If learning how to think conceptually—in principles and without a dichotomy between abstractions and concretes—is correctly taught, content must be included to have something to think conceptually about. The key point about primacy of method is that the content does not have to be any particular content or “core curriculum.” This is in contrast to traditional education that puts curriculum first.

This is also not to say that teaching how to think is not a subject matter in its own right. It is. The principles of logical thinking, generalization, application, and the creative process are content that can and should be taught throughout secondary and higher education. The problem is that the progressive movement of the twentieth century never rigorously taught the principles of thinking. In its place it put poorly designed and controlled group projects, a barrage of failed reforms, and often little if any well-organized content.

Nevertheless, the primacy of method, or teaching students how to think well, is the essential distinguishing characteristic of progressive education when it is compared to the traditional or conservative form. Indeed, the aim of the great education reformers in history, beginning with Quintilian and even including the Jesuits, was, as formulated by Rousseau, to see the child as a child, not as a smaller version of the adult. This means in particular to see the child’s mind as a child’s mind, hence the need for specialized techniques to develop young thought processes. It includes being nice to the child and catering to the child’s interests.

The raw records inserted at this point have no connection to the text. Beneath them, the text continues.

lemma poly_pderiv_jacobi_poly:
  fixes t :: real
  shows "poly (pderiv (jacobi_poly a b N)) t =
    (\<Sum>s\<le>N. (real N + a gchoose (N - s)) * (real N + b gchoose s) *
       ((of_nat s * (((t - 1) / 2) ^ (s - 1) * ((t + 1) / 2) ^ (N - s)) +
         of_nat (N - s) * (((t - 1) / 2) ^ s * ((t + 1) / 2) ^ (N - s - 1))) / 2))"
  unfolding jacobi_poly_def higher_pderiv_sum[of 1, simplified] poly_sum
  by (simp only: pderiv_smult poly_smult poly_pderiv_jacobi_term)

lemma sgn_power_mult_power:
  fixes U V :: real
  assumes "sgn U = sgn V" "U \<noteq> 0"
  shows "sgn U ^ (i + j) * (U ^ i * V ^ j) = \<bar>U\<bar> ^ i * \<bar>V\<bar> ^ j"
proof -
  have "U ^ i * V ^ j = (sgn U * \<bar>U\<bar>) ^ i * (sgn V * \<bar>V\<bar>) ^ j"
    by (simp only: sgn_mult_abs)
  also have "\<dots> = sgn U ^ (i + j) * (\<bar>U\<bar> ^ i * \<bar>V\<bar> ^ j)"
    unfolding assms(1) by (simp add: power_mult_distrib power_add mult_ac)
  finally have "sgn U ^ (i + j) * (U ^ i * V ^ j)
      = (sgn U * sgn U) ^ (i + j) * (\<bar>U\<bar> ^ i * \<bar>V\<bar> ^ j)"
    by (simp only: power_mult_distrib mult.assoc)
  moreover have "sgn U * sgn U = 1"
    using assms(2) by (simp add: sgn_if)
  ultimately show ?thesis by simp
qed

text \<open>Outside [-1, 1] the factors (t - 1)/2 and (t + 1)/2 have a common sign \<sigma>, so
\<sigma>^(N-1) times every summand of P_N'(t) is nonnegative (the binomial coefficients are positive
since a, b > -1), and the summand with s = N is positive.\<close>

lemma poly_pderiv_jacobi_poly_nonzero:
  fixes a b t :: real
  assumes a: "a > -1" and b: "b > -1" and N: "N \<ge> 1" and t: "t \<notin> {-1..1}"
  shows "poly (pderiv (jacobi_poly a b N)) t \<noteq> 0"
proof -
  define U V where "U = (t - 1) / 2" and "V = (t + 1) / 2"
  define \<sigma> where "\<sigma> = sgn U"
  have UV: "sgn U = sgn V" "U \<noteq> 0"
    using t by (auto simp: U_def V_def sgn_if)
  have pow: "\<sigma> ^ (N - 1) * (U ^ i * V ^ j) = \<bar>U\<bar> ^ i * \<bar>V\<bar> ^ j"
    if "i + j = N - 1" for i j
    unfolding \<sigma>_def that[symmetric] by (rule sgn_power_mult_power[OF UV])
  define g where
    "g s = of_nat s * (U ^ (s - 1) * V ^ (N - s))
      + of_nat (N - s) * (U ^ s * V ^ (N - s - 1))" for s
  have g_nonneg: "0 \<le> \<sigma> ^ (N - 1) * g s" if "s \<le> N" for s
  proof -
    have "0 \<le> of_nat s * (\<sigma> ^ (N - 1) * (U ^ (s - 1) * V ^ (N - s)))"
      using pow[of "s - 1" "N - s"] that by (cases "s = 0") auto
    moreover have "0 \<le> of_nat (N - s) * (\<sigma> ^ (N - 1) * (U ^ s * V ^ (N - s - 1)))"
      using pow[of s "N - s - 1"] that by (cases "s = N") auto
    ultimately show ?thesis by (simp add: g_def algebra_simps)
  qed
  have "\<sigma> ^ (N - 1) * g N = of_nat N * \<bar>U\<bar> ^ (N - 1)"
    using pow[of "N - 1" 0] by (simp add: g_def mult.left_commute)
  then have g_pos: "0 < \<sigma> ^ (N - 1) * g N"
    using UV(2) N by simp
  define c where "c s = (real N + a gchoose (N - s)) * (real N + b gchoose s)" for s
  have c_pos: "c s > 0" if "s \<le> N" for s
    using that a b by (auto simp: c_def intro!: mult_pos_pos gbinomial_pos)
  have "\<sigma> ^ (N - 1) * poly (pderiv (jacobi_poly a b N)) t
      = (\<Sum>s\<le>N. c s * (\<sigma> ^ (N - 1) * g s) / 2)"
    by (simp add: poly_pderiv_jacobi_poly U_def V_def c_def g_def sum_distrib_left mult_ac)
  also have "\<dots> > 0"
  proof (rule sum_pos2[of _ N])
    show "0 < c N * (\<sigma> ^ (N - 1) * g N) / 2"
      using g_pos c_pos[of N] by simp
    show "0 \<le> c s * (\<sigma> ^ (N - 1) * g s) / 2" if "s \<in> {..N}" for s
      using g_nonneg[of s] c_pos[of s] that by (simp add: mult_nonneg_nonneg)
  qed auto
  finally show ?thesis by auto
qed

lemma jgl_poly_root_in_interval:
  fixes a b t :: real
  assumes "a > -1" "b > -1" "N \<ge> 1" "poly (jgl_poly a b N) t = 0"
  shows "t \<in> {-1..1}"
proof (rule ccontr)
  assume t: "t \<notin> {-1..1}"
  then have "1 < \<bar>t\<bar> * \<bar>t\<bar>"
    by (intro less_1_mult) auto
  then have "poly [:1, 0, -1:] t \<noteq> 0"
    by (simp add: abs_mult_self_eq)
  with poly_pderiv_jacobi_poly_nonzero[OF assms(1-3) t] assms(4) show False
    by (simp add: jgl_poly_def)
qed

lemma mono_on_enumeration_endpoints:
  fixes x :: "nat \<Rightarrow> 'a::order"
  assumes "mono_on {..N} x" "x ` {..N} \<subseteq> {a..b}" "a \<in> x ` {..N}" "b \<in> x ` {..N}"
  shows "x 0 = a" "x N = b"
proof -
  obtain i j where "i \<le> N" "x i = a" "j \<le> N" "x j = b"
    using assms(3,4) by auto
  moreover have "x 0 \<le> x i" "x j \<le> x N"
    using mono_onD[OF assms(1), of 0 i] mono_onD[OF assms(1), of j N] calculation by simp_all
  moreover have "x 0 \<in> {a..b}" "x N \<in> {a..b}"
    using assms(2) by auto
  ultimately show "x 0 = a" "x N = b"
    by auto
qed

lemma jgl_nodes_endpoints:
  fixes a b :: real
  assumes "a > -1" "b > -1" "N \<ge> 1" "strict_mono_on {..N} x"
    and "x ` {..N} = {t. poly (jgl_poly a b N) t = 0}"
  shows "x 0 = -1" "x N = 1"
proof -
  have "x ` {..N} \<subseteq> {-1..1}"
    using jgl_poly_root_in_interval[OF assms(1-3)] assms(5) by auto
  moreover have "-1 \<in> x ` {..N}" "1 \<in> x ` {..N}"
    unfolding assms(5) by (simp_all add: jgl_poly_def)
  ultimately show "x 0 = -1" "x N = 1"
    using mono_on_enumeration_endpoints[OF strict_mono_on_imp_mono_on[OF assms(4)]] by blast+
qed

lemma sum_right_inverse_imp_left_inverse:
  fixes A B :: "nat \<Rightarrow> nat \<Rightarrow> 'a::field"
  assumes AB: "\<And>i j. i \<in> {1..n} \<Longrightarrow> j \<in> {1..n} \<Longrightarrow>
      (\<Sum>m=1..n. A i m * B m j) = (if i = j then 1 else 0)"
    and ij: "i \<in> {1..n}" "j \<in> {1..n}"
  shows "(\<Sum>m=1..n. B i m * A m j) = (if i = j then 1 else 0)"
proof -
  define mat_of :: "(nat \<Rightarrow> nat \<Rightarrow> 'a) \<Rightarrow> 'a mat"
    where "mat_of F = mat n n (\<lambda>(i, j). F (Suc i) (Suc j))" for F
  have entry: "(mat_of F * mat_of G) $$ (i, j) = (\<Sum>m=1..n. F (Suc i) m * G m (Suc j))"
    if "i < n" "j < n" for F G i j
    using that by (simp add: mat_of_def scalar_prod_def atLeast0LessThan sum.atLeast1_atMost_eq)
  have AB_mat: "mat_of A * mat_of B = 1\<^sub>m n"
  proof (rule eq_matI)
    fix i j assume "i < dim_row (1\<^sub>m n)" "j < dim_col (1\<^sub>m n)"
    then show "(mat_of A * mat_of B) $$ (i, j) = 1\<^sub>m n $$ (i, j)"
      using AB[of "Suc i" "Suc j"] by (simp add: entry)
  qed (simp_all add: mat_of_def)
  have carrier: "mat_of F \<in> carrier_mat n n" for F
    by (simp add: mat_of_def)
  have BA_mat: "mat_of B * mat_of A = 1\<^sub>m n"
    by (rule mat_mult_left_right_inverse[OF carrier carrier AB_mat])
  have "(\<Sum>m=1..n. B i m * A m j) = (mat_of B * mat_of A) $$ (i - 1, j - 1)"
    using entry[of "i - 1" "j - 1" B A] ij by auto
  also have "\<dots> = (if i = j then 1 else 0)"
    using BA_mat ij by auto
  finally show ?thesis .
qed

theorem theorem4p1:
  fixes N k :: nat and \<alpha> \<beta> \<mu> :: real
    and x :: "nat \<Rightarrow> real" and Q :: "nat \<Rightarrow> real poly"
  assumes N: "N \<ge> 2"
    and ab: "\<alpha> > -1" "\<beta> > -1"
    and nodes_mono: "strict_mono_on {..N} x"
    and nodes_zeros: "x ` {..N} = {t. poly (jgl_poly \<alpha> \<beta> N) t = 0}"
    and k: "k \<in> {1, 2}"
    and mu: "real k - 1 < \<mu>" "\<mu> < real k"
    and Q_deg: "\<forall>j\<in>{1..N+1-k}. degree (Q j) \<le> N"
    and Q1: "k = 1 \<longrightarrow> (\<forall>j\<in>{1..N}.
              (\<forall>i\<in>{1..N}. caputo \<mu> (Q j) (x i) = (if i = j then 1 else 0))
              \<and> poly (Q j) (-1) = 0)"
    and Q2: "k = 2 \<longrightarrow> (\<forall>j\<in>{1..N-1}.
              (\<forall>i\<in>{1..N-1}. caputo \<mu> (Q j) (x i) = (if i = j then 1 else 0))
              \<and> poly (Q j) (-1) = 0 \<and> poly (Q j) 1 = 0)"
  shows "\<forall>l\<in>{1..N+1-k}. \<forall>j\<in>{1..N+1-k}.
           (\<Sum>m=1..N+1-k. poly (Q m) (x l) * caputo \<mu> (lagrange_basis x N j) (x m))
             = (if l = j then 1 else 0)
         \<and> (\<Sum>m=1..N+1-k. caputo \<mu> (lagrange_basis x N m) (x l) * poly (Q j) (x m))
             = (if l = j then 1 else 0)"
proof -
  have inj: "inj_on x {..N}"
    using nodes_mono by (rule strict_mono_on_imp_inj_on)
  have x0: "x 0 = -1" and xN: "x N = 1"
    using jgl_nodes_endpoints[OF ab _ nodes_mono nodes_zeros] N by auto
  have k12: "k = 1 \<or> k = 2"
    using k by auto
  have vanish: "poly (Q j) (x m) = 0"
    if "j \<in> {1..N+1-k}" "m \<le> N" "m \<notin> {1..N+1-k}" for j m
  proof -
    have "m = 0 \<or> k = 2 \<and> m = N"
      using that k12 by auto
    then show ?thesis
      using Q1 Q2 that k12 x0 xN by auto
  qed
  have DQ: "(\<Sum>m=1..N+1-k. caputo \<mu> (lagrange_basis x N m) (x l) * poly (Q j) (x m))
      = (if l = j then 1 else 0)" if "l \<in> {1..N+1-k}" "j \<in> {1..N+1-k}" for l j
  proof -
    have "caputo \<mu> (Q j) (x l)
        = (\<Sum>m=1..N+1-k. poly (Q j) (x m) * caputo \<mu> (lagrange_basis x N m) (x l))"
      using Q_deg k12 that by (intro caputo_eq_nodal_sum[OF mu inj _ _ vanish]) auto
    then show ?thesis
      using Q1 Q2 k12 that by (auto simp: mult.commute)
  qed
  moreover have "(\<Sum>m=1..N+1-k. poly (Q m) (x l) * caputo \<mu> (lagrange_basis x N j) (x m))
      = (if l = j then 1 else 0)" if "l \<in> {1..N+1-k}" "j \<in> {1..N+1-k}" for l j
    using sum_right_inverse_imp_left_inverse[OF DQ that] .
  ultimately show ?thesis
    by blast
qed

end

“Being nice” can be viewed as symbolic of the progressive emphasis on the “whole child.” The two phrases, however, mean a lot more than the clichéd versions sound. They emphasize, in addition to not physically or mentally punishing the child, the need to be aware of the child’s psychology and to encourage the adoption of life-advancing self-confident premises. The extended meaning of “whole child” is the development of an unobstructed mental and emotional life that produces independent, not just sound, judgment. Content must be there in the child’s brain, but stuffing it or furnishing the “empty vessel” with a prescribed core curriculum is not the primary goal of education. Teaching students sensible decision making (sound judgment) and the ability to perceive facts as facts and, more importantly, especially in the face of opposition, the willingness to act on those facts (independent judgment) is. Content follows, driven by parent and student, not bureaucratic, interest.

When parents and students are allowed to determine content by buying and abstaining from buying the services of entrepreneurial teachers who are unhampered by the dictates of educational bureaucrats, a system of progressive education can be fully achieved. It is for this reason that I would describe the theory of concentrated attention and independent judgment detailed in Montessori, Dewey, and Capitalism as a theory of progressive education without the state. Interference of the state in education—by forcibly dictating what will be learned and how it will be learned, by forcibly expropriating funds from some to pay for the education of others, and by forcibly compelling children to attend school at all—thwarts and destroys the aim of catering to the needs and interests of the child. Only a free market in education that bans the initiation of physical force against parents, students, and entrepreneurs would make it possible for this aim to be accomplished.

Primacy of method means that education is aimed at the development of the mind. A mind well trained in the functions that are its distinctive nature, namely the correct perception and evaluation of the facts of reality and the guidance of behavior based on those correct perceptions and evaluations, is a mind that has been trained in method. It is one that has been taught how to think. Content is acquired and accumulated in the process but it is not primary.